SQL Queries - Controlled Vocabulary Terms

Gene Ontology Terms

A detailed description of Gene Ontology (GO) terms is available at http://www.geneontology.org/GO.doc.shtml.

Types of GO Terms

In general, there are three major classes of GO terms.

1) biological_process

A biological process is series of events accomplished by one or more ordered assemblies of molecular functions. Examples of broad biological process terms are cellular physiological process or signal transduction. Examples of more specific terms are pyrimidine metabolic process or alpha-glucoside transport. It can be difficult to distinguish between a biological process and a molecular function, but the general rule is that a process must have more than one distinct steps.

2) cellular_component

A cellular component is just that, a component of a cell, but with the proviso that it is part of some larger object; this may be an anatomical structure (e.g. rough endoplasmic reticulum or nucleus) or a gene product group (e.g. ribosome, proteasome or a protein dimer). See the Documentation on the cellular component ontology for more details.

3) molecular_function

Molecular function describes activities, such as catalytic or binding activities, that occur at the molecular level. GO molecular function terms represent activities rather than the entities (molecules or complexes) that perform the actions, and do not specify where or when, or in what context, the action takes place. Molecular functions generally correspond to activities that can be performed by individual gene products, but some activities are performed by assembled complexes of gene products.
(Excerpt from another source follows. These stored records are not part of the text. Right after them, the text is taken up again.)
(* Let $n\in\{2,3\}$ and $f\in\mathfrak{F}_{sc}$. For every density matrix $\rho$ on $\mathbb{C}^n$ with diagonal entries $\rho_{11},\dots,\rho_{nn}$ in the reference basis, $$\max_{\mathfrak{D}}\bar C_f(\mathfrak{D})=f(\rho_{11},\dots,\rho_{nn}),$$ where the maximum is over all pure state decompositions $\mathfrak{D}$ of $\rho$ (and is attained).
   Context: Fix the reference orthonormal basis $\{|i\rangle\}_{i=1}^n$ of $\mathbb{C}^n$. Let $\Omega$ be the probability simplex in $\mathbb{R}^n$. $\mathfrak{F}_{sc}$ denotes the set of functions $f:\Omega\to\mathbb{R}$ such that (i) $f((1,0,\dots,0)^T)=0$; (ii) $f(P\mathbf{x})=f(\mathbf{x})$ for every permutation matrix $P$; (iii) $f$ is concave. For a unit vector $|\psi\rangle=\sum_i\psi_i|i\rangle$, $C_f(|\psi\rangle)=f(|\psi_1|^2,\dots,|\psi_n|^2)$. A pure state decomposition of $\rho$ is a finite family $\{p_k,|\psi_k\rangle\}$ with $p_k>0$, $\sum_kp_k=1$, unit vectors $|\psi_k\rangle$ and $\rho=\sum_kp_k|\psi_k\rangle\langle\psi_k|$; its average coherence is $\bar C_f(\mathfrak{D})=\sum_kp_kC_f(|\psi_k\rangle)$. *)

theory Defs
  imports "HOL-Analysis.Analysis" "HOL-Combinatorics.Permutations"
begin

text \<open>Vectors in R^n / C^n are functions on nat, meaningful on indices 0..n-1
  (index i here corresponds to basis vector |i+1> of the paper).
  Matrices are functions nat => nat => complex, meaningful on {0..<n}^2.\<close>

definition prob_simplex :: "nat \<Rightarrow> (nat \<Rightarrow> real) set" where
  "prob_simplex n = {x. (\<forall>i<n. 0 \<le> x i) \<and> (\<forall>i\<ge>n. x i = 0) \<and> (\<Sum>i<n. x i) = 1}"

definition e1 :: "nat \<Rightarrow> real" where
  "e1 = (\<lambda>i. if i = 0 then 1 else 0)"
(* Let $d=3$, $k\ge2$, and let the discrete spaces and bilinear forms be as in the context. Let $(\sigma_h,\lambda_h)\in\Sigma_h^{k-1}\times S_h^{k+1}$ satisfy $b(\sigma_h,\operatorname{curl}(\phi_h))+b^g(\phi_h,\lambda_h)=0$ for all $\phi_h\in W_h^k$. Then \[\|\sigma_h\|_{L^2}^2+\|\nabla\lambda_h\|_{L^2}^2\lesssim\nu\,a(\sigma_h,\sigma_h).\]
   Context: $\Omega\subset\mathbb{R}^3$ bounded simply connected Lipschitz domain, $\nu>0$ constant. $\mathcal{T}$ shape-regular quasi-uniform tetrahedral triangulation with mesh size $h$, $\mathcal{F}$ its facets (interior and boundary); on facets $n$ is a unit normal (outward on $\partial\Omega$), $[\![\cdot]\!]$ the jump (the trace on boundary facets). For vectors $v_t:=v-(v\cdot n)n$; for matrices $\tau_{nn}:=n^T\tau n$, $\tau_{nt}:=\tau n-\tau_{nn}n$. $\mathcal{P}^k(\mathcal{T},X)$: piecewise polynomials of degree $\le k$. Spaces: $S_h^k:=\mathcal{P}^k(\mathcal{T},\mathbb{R})\cap H_0^1(\Omega)$; $W_h^k:=\mathcal{P}^k(\mathcal{T},\mathbb{R}^3)\cap H_0(\operatorname{curl},\Omega)$; $\Sigma_h^k:=\{\sigma_h\in\mathcal{P}^k(\mathcal{T},\mathbb{R}^{3\times3}):\operatorname{tr}\sigma_h=0,\ [\![(\sigma_h)_{nt}]\!]=0 \text{ and } (\sigma_h)_{nt}|_F\in\mathcal{P}^{k-1}(F,\mathbb{R}^3)\ \forall F\}$. Forms: $a(\sigma,\tau):=\frac1\nu\int_\Omega\sigma:\tau\,dx$; $b(\tau,v):=-\sum_{T}\int_T\tau:\nabla v\,dx+\sum_{F}\int_F\tau_{nt}\cdot[\![v_t]\!]\,ds$; $b^g(\phi,\mu):=\int_\Omega\phi\cdot\nabla\mu\,dx$. $\lesssim$ hides constants independent of $h$ and $\nu$. *)

theory Defs
  imports "HOL-Analysis.Analysis"
begin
Examples of broad functional terms are catalytic activity, transporter activity, or binding; examples of narrower functional terms are adenylate cyclase activity or Toll receptor binding.

GO Term Example

An example of an individual GO term in OBO format is shown below.

GO OBO Format
[Term]
id: GO:0000003
name: reproduction
namespace: biological_process
alt_id: GO:0019952
alt_id: GO:0050876
def: "The production by an organism of new individuals that contain some portion of their genetic material inherited from that organism." [GOC:go_curators, GOC:isa_complete, ISBN:0198506732 "Oxford Dictionary of Biochemistry and Molecular Biology"]
subset: goslim_generic
subset: goslim_pir
subset: goslim_plant
subset: gosubset_prok
synonym: "reproductive physiological process" EXACT []
xref: Wikipedia:Reproduction
is_a: GO:0008150 ! biological_process

For additional examples of GO terms, see http://www.geneontology.org/GO_slims/goslim_generic.obo .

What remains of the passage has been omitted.